Dataset entries
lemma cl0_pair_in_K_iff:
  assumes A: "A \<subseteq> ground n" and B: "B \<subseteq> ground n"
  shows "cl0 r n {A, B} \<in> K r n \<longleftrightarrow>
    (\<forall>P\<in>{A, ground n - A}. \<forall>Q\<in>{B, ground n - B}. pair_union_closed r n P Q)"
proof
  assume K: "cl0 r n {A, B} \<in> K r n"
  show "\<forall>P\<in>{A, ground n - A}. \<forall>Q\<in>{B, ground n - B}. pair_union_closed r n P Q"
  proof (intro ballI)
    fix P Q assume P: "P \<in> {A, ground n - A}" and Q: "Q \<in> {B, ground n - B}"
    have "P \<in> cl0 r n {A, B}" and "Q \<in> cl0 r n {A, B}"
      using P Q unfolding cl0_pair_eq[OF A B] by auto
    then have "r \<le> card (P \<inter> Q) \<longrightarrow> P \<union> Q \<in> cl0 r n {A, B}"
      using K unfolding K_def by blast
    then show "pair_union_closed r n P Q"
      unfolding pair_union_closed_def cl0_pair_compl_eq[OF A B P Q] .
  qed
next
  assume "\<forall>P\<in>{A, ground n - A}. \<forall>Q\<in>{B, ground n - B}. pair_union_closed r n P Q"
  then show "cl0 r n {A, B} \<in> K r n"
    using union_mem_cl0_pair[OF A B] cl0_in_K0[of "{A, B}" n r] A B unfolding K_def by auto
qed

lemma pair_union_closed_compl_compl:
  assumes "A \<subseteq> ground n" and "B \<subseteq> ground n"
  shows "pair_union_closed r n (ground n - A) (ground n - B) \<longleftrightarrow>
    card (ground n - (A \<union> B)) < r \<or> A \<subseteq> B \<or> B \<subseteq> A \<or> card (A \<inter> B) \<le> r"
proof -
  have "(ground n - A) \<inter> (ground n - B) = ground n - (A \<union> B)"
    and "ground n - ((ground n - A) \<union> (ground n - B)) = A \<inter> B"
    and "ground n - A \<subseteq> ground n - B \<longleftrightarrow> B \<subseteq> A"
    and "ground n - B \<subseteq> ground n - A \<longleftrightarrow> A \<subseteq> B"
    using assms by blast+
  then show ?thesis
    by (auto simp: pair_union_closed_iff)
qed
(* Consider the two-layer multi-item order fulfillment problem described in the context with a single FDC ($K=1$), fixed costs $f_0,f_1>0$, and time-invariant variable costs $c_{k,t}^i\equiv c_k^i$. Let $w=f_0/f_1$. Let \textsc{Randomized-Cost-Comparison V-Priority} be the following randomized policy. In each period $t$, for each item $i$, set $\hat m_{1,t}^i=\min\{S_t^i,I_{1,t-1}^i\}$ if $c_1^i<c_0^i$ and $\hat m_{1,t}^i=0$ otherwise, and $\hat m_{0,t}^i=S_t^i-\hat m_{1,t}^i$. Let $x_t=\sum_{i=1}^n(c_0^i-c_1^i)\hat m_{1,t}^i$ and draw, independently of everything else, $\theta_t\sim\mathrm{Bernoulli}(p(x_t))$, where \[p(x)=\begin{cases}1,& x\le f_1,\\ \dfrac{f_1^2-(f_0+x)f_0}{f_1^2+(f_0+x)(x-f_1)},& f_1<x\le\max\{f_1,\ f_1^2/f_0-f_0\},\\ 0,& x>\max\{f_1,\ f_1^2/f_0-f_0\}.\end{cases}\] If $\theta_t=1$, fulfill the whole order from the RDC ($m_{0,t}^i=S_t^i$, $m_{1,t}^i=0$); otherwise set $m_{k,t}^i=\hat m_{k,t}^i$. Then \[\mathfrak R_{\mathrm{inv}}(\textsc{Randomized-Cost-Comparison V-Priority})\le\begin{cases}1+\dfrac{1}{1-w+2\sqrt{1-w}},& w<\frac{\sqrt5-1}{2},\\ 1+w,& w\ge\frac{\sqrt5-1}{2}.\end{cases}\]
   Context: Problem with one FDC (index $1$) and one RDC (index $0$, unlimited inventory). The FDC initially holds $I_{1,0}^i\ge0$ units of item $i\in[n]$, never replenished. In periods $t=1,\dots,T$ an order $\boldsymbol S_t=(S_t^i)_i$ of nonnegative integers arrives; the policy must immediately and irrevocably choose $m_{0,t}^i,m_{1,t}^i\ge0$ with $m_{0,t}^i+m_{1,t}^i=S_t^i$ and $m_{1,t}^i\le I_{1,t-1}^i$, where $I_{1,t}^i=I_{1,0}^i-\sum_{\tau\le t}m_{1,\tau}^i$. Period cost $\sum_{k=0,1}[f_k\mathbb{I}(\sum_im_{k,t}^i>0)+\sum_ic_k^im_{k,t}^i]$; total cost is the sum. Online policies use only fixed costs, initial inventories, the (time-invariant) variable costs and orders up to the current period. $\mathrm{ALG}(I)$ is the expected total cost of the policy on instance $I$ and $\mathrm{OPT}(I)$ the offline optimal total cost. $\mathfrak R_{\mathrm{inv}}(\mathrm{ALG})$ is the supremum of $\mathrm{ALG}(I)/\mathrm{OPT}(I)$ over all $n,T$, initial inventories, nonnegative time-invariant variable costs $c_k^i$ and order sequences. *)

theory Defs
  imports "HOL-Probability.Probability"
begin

The task:
When you retype the entries above, keep every line identical to the source.

Result of the exercise:
lemma cl0_pair_in_K_iff:
  assumes A: "A \<subseteq> ground n" and B: "B \<subseteq> ground n"
  shows "cl0 r n {A, B} \<in> K r n \<longleftrightarrow>
    (\<forall>P\<in>{A, ground n - A}. \<forall>Q\<in>{B, ground n - B}. pair_union_closed r n P Q)"
proof
  assume K: "cl0 r n {A, B} \<in> K r n"
  show "\<forall>P\<in>{A, ground n - A}. \<forall>Q\<in>{B, ground n - B}. pair_union_closed r n P Q"
  proof (intro ballI)
    fix P Q assume P: "P \<in> {A, ground n - A}" and Q: "Q \<in> {B, ground n - B}"
    have "P \<in> cl0 r n {A, B}" and "Q \<in> cl0 r n {A, B}"
      using P Q unfolding cl0_pair_eq[OF A B] by auto
    then have "r \<le> card (P \<inter> Q) \<longrightarrow> P \<union> Q \<in> cl0 r n {A, B}"
      using K unfolding K_def by blast
    then show "pair_union_closed r n P Q"
      unfolding pair_union_closed_def cl0_pair_compl_eq[OF A B P Q] .
  qed
next
  assume "\<forall>P\<in>{A, ground n - A}. \<forall>Q\<in>{B, ground n - B}. pair_union_closed r n P Q"
  then show "cl0 r n {A, B} \<in> K r n"
    using union_mem_cl0_pair[OF A B] cl0_in_K0[of "{A, B}" n r] A B unfolding K_def by auto
qed

lemma pair_union_closed_compl_compl:
  assumes "A \<subseteq> ground n" and "B \<subseteq> ground n"
  shows "pair_union_closed r n (ground n - A) (ground n - B) \<longleftrightarrow>
    card (ground n - (A \<union> B)) < r \<or> A \<subseteq> B \<or> B \<subseteq> A \<or> card (A \<inter> B) \<le> r"
proof -
  have "(ground n - A) \<inter> (ground n - B) = ground n - (A \<union> B)"
    and "ground n - ((ground n - A) \<union> (ground n - B)) = A \<inter> B"
    and "ground n - A \<subseteq> ground n - B \<longleftrightarrow> B \<subseteq> A"
    and "ground n - B \<subseteq> ground n - A \<longleftrightarrow> A \<subseteq> B"
    using assms by blast+
  then show ?thesis
    by (auto simp: pair_union_closed_iff)
qed
(* Consider the two-layer multi-item order fulfillment problem described in the context with a single FDC ($K=1$), fixed costs $f_0,f_1>0$, and time-invariant variable costs $c_{k,t}^i\equiv c_k^i$. Let $w=f_0/f_1$. Let \textsc{Randomized-Cost-Comparison V-Priority} be the following randomized policy. In each period $t$, for each item $i$, set $\hat m_{1,t}^i=\min\{S_t^i,I_{1,t-1}^i\}$ if $c_1^i<c_0^i$ and $\hat m_{1,t}^i=0$ otherwise, and $\hat m_{0,t}^i=S_t^i-\hat m_{1,t}^i$. Let $x_t=\sum_{i=1}^n(c_0^i-c_1^i)\hat m_{1,t}^i$ and draw, independently of everything else, $\theta_t\sim\mathrm{Bernoulli}(p(x_t))$, where \[p(x)=\begin{cases}1,& x\le f_1,\\ \dfrac{f_1^2-(f_0+x)f_0}{f_1^2+(f_0+x)(x-f_1)},& f_1<x\le\max\{f_1,\ f_1^2/f_0-f_0\},\\ 0,& x>\max\{f_1,\ f_1^2/f_0-f_0\}.\end{cases}\] If $\theta_t=1$, fulfill the whole order from the RDC ($m_{0,t}^i=S_t^i$, $m_{1,t}^i=0$); otherwise set $m_{k,t}^i=\hat m_{k,t}^i$. Then \[\mathfrak R_{\mathrm{inv}}(\textsc{Randomized-Cost-Comparison V-Priority})\le\begin{cases}1+\dfrac{1}{1-w+2\sqrt{1-w}},& w<\frac{\sqrt5-1}{2},\\ 1+w,& w\ge\frac{\sqrt5-1}{2}.\end{cases}\]
   Context: Problem with one FDC (index $1$) and one RDC (index $0$, unlimited inventory). The FDC initially holds $I_{1,0}^i\ge0$ units of item $i\in[n]$, never replenished. In periods $t=1,\dots,T$ an order $\boldsymbol S_t=(S_t^i)_i$ of nonnegative integers arrives; the policy must immediately and irrevocably choose $m_{0,t}^i,m_{1,t}^i\ge0$ with $m_{0,t}^i+m_{1,t}^i=S_t^i$ and $m_{1,t}^i\le I_{1,t-1}^i$, where $I_{1,t}^i=I_{1,0}^i-\sum_{\tau\le t}m_{1,\tau}^i$. Period cost $\sum_{k=0,1}[f_k\mathbb{I}(\sum_im_{k,t}^i>0)+\sum_ic_k^im_{k,t}^i]$; total cost is the sum. Online policies use only fixed costs, initial inventories, the (time-invariant) variable costs and orders up to the current period. $\mathrm{ALG}(I)$ is the expected total cost of the policy on instance $I$ and $\mathrm{OPT}(I)$ the offline optimal total cost. $\mathfrak R_{\mathrm{inv}}(\mathrm{ALG})$ is the supremum of $\mathrm{ALG}(I)/\mathrm{OPT}(I)$ over all $n,T$, initial inventories, nonnegative time-invariant variable costs $c_k^i$ and order sequences. *)

theory Defs
  imports "HOL-Probability.Probability"
begin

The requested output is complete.